Il y a toutefois une différence entre les chercheurs « de gauche » comme François Gemenne ou Jean-Christophe Dumont de l'OCDE qui estiment que le déficit annuel est minime (entre 5 et 10 milliards d'euros) et les chercheurs « de droite ou d'extrême droite » comme André Posokhow de Polemia, Yves-Marie Laulan ou Gérard Pince qui le situent entre 70 et 85 milliards.

De mon côté j'ai explicité mes bases de données et ma démarche de calcul des coûts. Les résultats que j'ai publiés en 2017 aboutissent à un déficit annuel de l'immigration légale de 8,5 milliards d'euros, à un déficit de l'immigration irrégulière de 3,7 milliards et à des investissements de l'État de 8,2 milliards dont seulement une petite partie sera rentable quand les immigrés et leurs enfants pour lesquels ils sont consentis entreront sur le marché du travail et contribueront à l'augmentation du PIB du pays.
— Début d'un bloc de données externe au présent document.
lemma le_dyson_bound:
  fixes M D r :: int
  assumes "1 \<le> D" "D \<le> int N + r"
    and M: "4 * M \<le> 4 * int N + D\<^sup>2 - 1 \<or> D = 4 \<and> M \<le> int N + 4"
  shows "real_of_int M \<le> dyson_bound N r"
proof -
  have "D\<^sup>2 \<le> (int N + r)\<^sup>2"
    using assms(1,2) by (intro power_mono) auto
  from M show ?thesis
  proof (elim disjE conjE)
    assume "4 * M \<le> 4 * int N + D\<^sup>2 - 1"
    with \<open>D\<^sup>2 \<le> (int N + r)\<^sup>2\<close> have "4 * M \<le> 4 * int N + (int N + r)\<^sup>2 - 1"
      by simp
    then have "4 * real_of_int M \<le> 4 * real N + (real_of_int (int N + r))\<^sup>2 - 1"
      by (simp flip: of_int_le_iff[where 'a = real])
    then show ?thesis by (auto simp: dyson_bound_def)
  next
    assume "D = 4" "M \<le> int N + 4"
    then have le: "real_of_int M \<le> real N + 4"
      by (simp flip: of_int_le_iff[where 'a = real])
    show ?thesis
    proof (cases "r = 4 - int N")
      case False
      with \<open>D = 4\<close> assms(2) have "5 \<le> real_of_int (int N + r)"
        by simp
      then have "5\<^sup>2 \<le> (real_of_int (int N + r))\<^sup>2"
        by (intro power_mono) auto
      with le False show ?thesis by (simp add: dyson_bound_def)
    qed (simp add: dyson_bound_def le)
  qed
qed

lemma sum_card_square_le_dyson_bound:
  assumes part: "partition_on {1..N} \<Lambda>" and "N \<ge> 1"
    and rank: "int (Max (card ` \<Lambda>)) - int (card \<Lambda>) \<le> r"
  shows "(\<Sum>A\<in>\<Lambda>. (real (card A))\<^sup>2) \<le> dyson_bound N r"
proof -
  have "\<Lambda> \<noteq> {}"
    using part \<open>N \<ge> 1\<close> by (auto simp: partition_on_def)
  moreover have "(\<Sum>A\<in>\<Lambda>. card A) = N"
    using partition_on_sum_card[OF part finite_atLeastAtMost] by simp
  moreover have "\<And>A. A \<in> \<Lambda> \<Longrightarrow> 1 \<le> card A"
    using partition_on_card_pos[OF part finite_atLeastAtMost] .
  ultimately have "real_of_int (\<Sum>A\<in>\<Lambda>. (int (card A))\<^sup>2) \<le> dyson_bound N r"
    using sum_square_le_dyson[where \<Lambda> = \<Lambda> and n = card] partition_on_finite(1)[OF part finite_atLeastAtMost]
      rank by (intro le_dyson_bound[where D = "int N + int (Max (card ` \<Lambda>)) - int (card \<Lambda>)"]) auto
  then show ?thesis by simp
qed

lemma Re_convex_combination_le:
  assumes "\<And>j. j < m \<Longrightarrow> 0 \<le> p j" "(\<Sum>j<m. p j) = 1" "\<And>j. j < m \<Longrightarrow> Re (X j) \<le> b"
  shows "Re (\<Sum>j<m. of_real (p j) * X j) \<le> b"
proof -
  have "Re (\<Sum>j<m. of_real (p j) * X j) = (\<Sum>j<m. p j * Re (X j))"
    by simp
  also have "\<dots> \<le> (\<Sum>j<m. p j * b)"
    using assms by (intro sum_mono mult_left_mono) auto
  also have "\<dots> = b"
    using assms(2) by (simp flip: sum_distrib_right)
  finally show ?thesis .
qed

lemma expect_le_if_dyson_rank_le:
  assumes "dyson_rank_le N r \<rho>"
    and product: "\<And>\<Lambda> \<tau>. partition_on {1..N} \<Lambda> \<Longrightarrow> int (Max (card ` \<Lambda>)) - int (card \<Lambda>) \<le> r
      \<Longrightarrow> (\<And>A. A \<in> \<Lambda> \<Longrightarrow> density_on A (\<tau> A)) \<Longrightarrow> Re (expect (cfg {1..N}) (tensor \<Lambda> \<tau>) Z) \<le> b"
  shows "Re (expect (cfg {1..N}) \<rho> Z) \<le> b"
proof -
  obtain m :: nat and p \<Lambda> \<sigma> where p: "\<forall>j<m. 0 \<le> p j" "(\<Sum>j<m. p j) = 1"
    and \<Lambda>: "\<forall>j<m. partition_on {1..N} (\<Lambda> j) \<and> int (Max (card ` \<Lambda> j)) - int (card (\<Lambda> j)) \<le> r
      \<and> separable_wrt N (\<Lambda> j) (\<sigma> j)"
    and \<rho>: "\<forall>x\<in>cfg {1..N}. \<forall>y\<in>cfg {1..N}. \<rho> x y = (\<Sum>j<m. of_real (p j) * \<sigma> j x y)"
    using assms(1) unfolding dyson_rank_le_def by blast
  have "Re (expect (cfg {1..N}) (\<sigma> j) Z) \<le> b" if j: "j < m" for j
  proof -
    obtain mj :: nat and q \<tau> where q: "\<forall>g<mj. 0 \<le> q g" "(\<Sum>g<mj. q g) = 1"
      and \<tau>: "\<forall>g<mj. \<forall>A\<in>\<Lambda> j. density_on A (\<tau> g A)"
      and \<sigma>: "\<forall>x\<in>cfg {1..N}. \<forall>y\<in>cfg {1..N}. \<sigma> j x y = (\<Sum>g<mj. of_real (q g) * tensor (\<Lambda> j) (\<tau> g) x y)"
      using \<Lambda> j unfolding separable_wrt_def tensor_def by blast
    have "expect (cfg {1..N}) (\<sigma> j) Z = (\<Sum>g<mj. of_real (q g) * expect (cfg {1..N}) (tensor (\<Lambda> j) (\<tau> g)) Z)"
      using \<sigma> by (intro expect_mixture) blast
    then show ?thesis
      using q \<tau> \<Lambda> j by (simp only:) (intro Re_convex_combination_le product; auto)
  qed
  moreover have "expect (cfg {1..N}) \<rho> Z = (\<Sum>j<m. of_real (p j) * expect (cfg {1..N}) (\<sigma> j) Z)"
    using \<rho> by (intro expect_mixture) blast
  ultimately show ?thesis
    using p by (simp only:) (intro Re_convex_combination_le; auto)
qed

theorem mainTheorem5:
  fixes N :: nat and r :: int and \<rho> :: op and n1 n2 n3 :: real
  assumes "N \<ge> 1"
    and "- (int N - 1) \<le> r" and "r \<le> int N - 1"
    and "r \<noteq> int N - 2" and "r \<noteq> - (int N - 2)"
    and "density_on {1..N} \<rho>"
    and "dyson_rank_le N r \<rho>"
    and "n1^2 + n2^2 + n3^2 = 1"
  shows "(r \<noteq> 4 - int N \<longrightarrow>
            QFI {1..N} \<rho> (J_op N n1 n2 n3) \<le> (real_of_int (int N + r))^2 / 4 - 1/4 + real N) \<and>
         (r = 4 - int N \<longrightarrow> QFI {1..N} \<rho> (J_op N n1 n2 n3) \<le> real N + 4)"
proof -
  let ?C = "cfg {1..N}" and ?J = "spin n1 n2 n3 {1..N}"
  obtain e lam where eb: "eigenbasis_on ?C \<rho> e lam" and qfi: "QFI {1..N} \<rho> ?J = fisher_sum ?C e lam ?J"
    using QFI_eq_fisher_sum[OF finite_atLeastAtMost density_on_hermitian[OF assms(6)]] by blast
  obtain X where X: "hermitian_on ?C X"
    and witness: "fisher_sum ?C e lam ?J = Re (expect ?C \<rho> (fisher_witness ?C ?J X))"
    using fisher_sum_eq_expect_witness[OF finite_cfg[OF finite_atLeastAtMost] eb hermitian_on_spin] by blast
  have "Re (expect ?C \<rho> (fisher_witness ?C ?J X)) \<le> dyson_bound N r"
  proof (rule expect_le_if_dyson_rank_le[OF assms(7)])
    fix \<Lambda> \<tau> assume part: "partition_on {1..N} \<Lambda>"
      and rank: "int (Max (card ` \<Lambda>)) - int (card \<Lambda>) \<le> r" and dens: "\<And>A. A \<in> \<Lambda> \<Longrightarrow> density_on A (\<tau> A)"
    show "Re (expect ?C (tensor \<Lambda> \<tau>) (fisher_witness ?C ?J X)) \<le> dyson_bound N r"
      using expect_fisher_witness_product_le[OF assms(8) part finite_atLeastAtMost dens X]
        sum_card_square_le_dyson_bound[OF part assms(1) rank] by linarith
  qed
  then show ?thesis
    using qfi witness by (simp add: J_op_eq_spin dyson_bound_def split: if_splits)
qed

end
Bref chaque année l'immigration coûte environ 20 milliards aux contribuables. Il est facile de comprendre qu'un immigré qui travaille rapporte plus qu'il ne coûte et que c'est le contraire pour un immigré qui ne travaille pas. Mais c'est cette catégorie qui est la plus nombreuse et aucun des scénarios que j'ai décrits (recrutement, régularisation, quotas, baisse du chômage, hausse du pouvoir d’achat, ne paraît susceptible d'inverser durablement la tendance.

Depuis quelques temps, on a le sentiment que la France, dans les rapports de l'Insee notamment, ne ferme plus systématiquement les yeux sur certains chiffres, ethniques notamment. Cela vous a-t-il permis d'affiner votre travail ? Et est-ce le signe d'un retour au réalisme ?

La France est un des seuls pays où les statistiques ethniques sont interdites ce qui est aberrant. Comment combattre les discriminations si on camoufle l'identité de ceux qui en sont victimes ? Il y a eu certes des avancées. Les chercheurs connaissent aujourd'hui le nombre des enfants d'origine étrangère, leur répartition en fonction des origines, de la structure familiale, de l’arrivée en France d'un ou des deux parents, mais ces chiffres ne sont pas médiatisés par peur de déclencher des réactions xénophobes. Sauf qu’à considérer les Français comme des citoyens qui ne seraient pas adultes, on favorise les rumeurs et les amalgames. Une fois de plus l'idéologie l'emporte sur l'information. Et la grande perdante de ce jeu de dupes, c'est en définitive la démocratie.

1 . J.P Gourévitch  Les véritables enjeux des migrations, Le Rocher, 2017

2 . J.P Gourévitch  L'islamo-business, vivier du terrorisme, P.G. de Roux, 2016.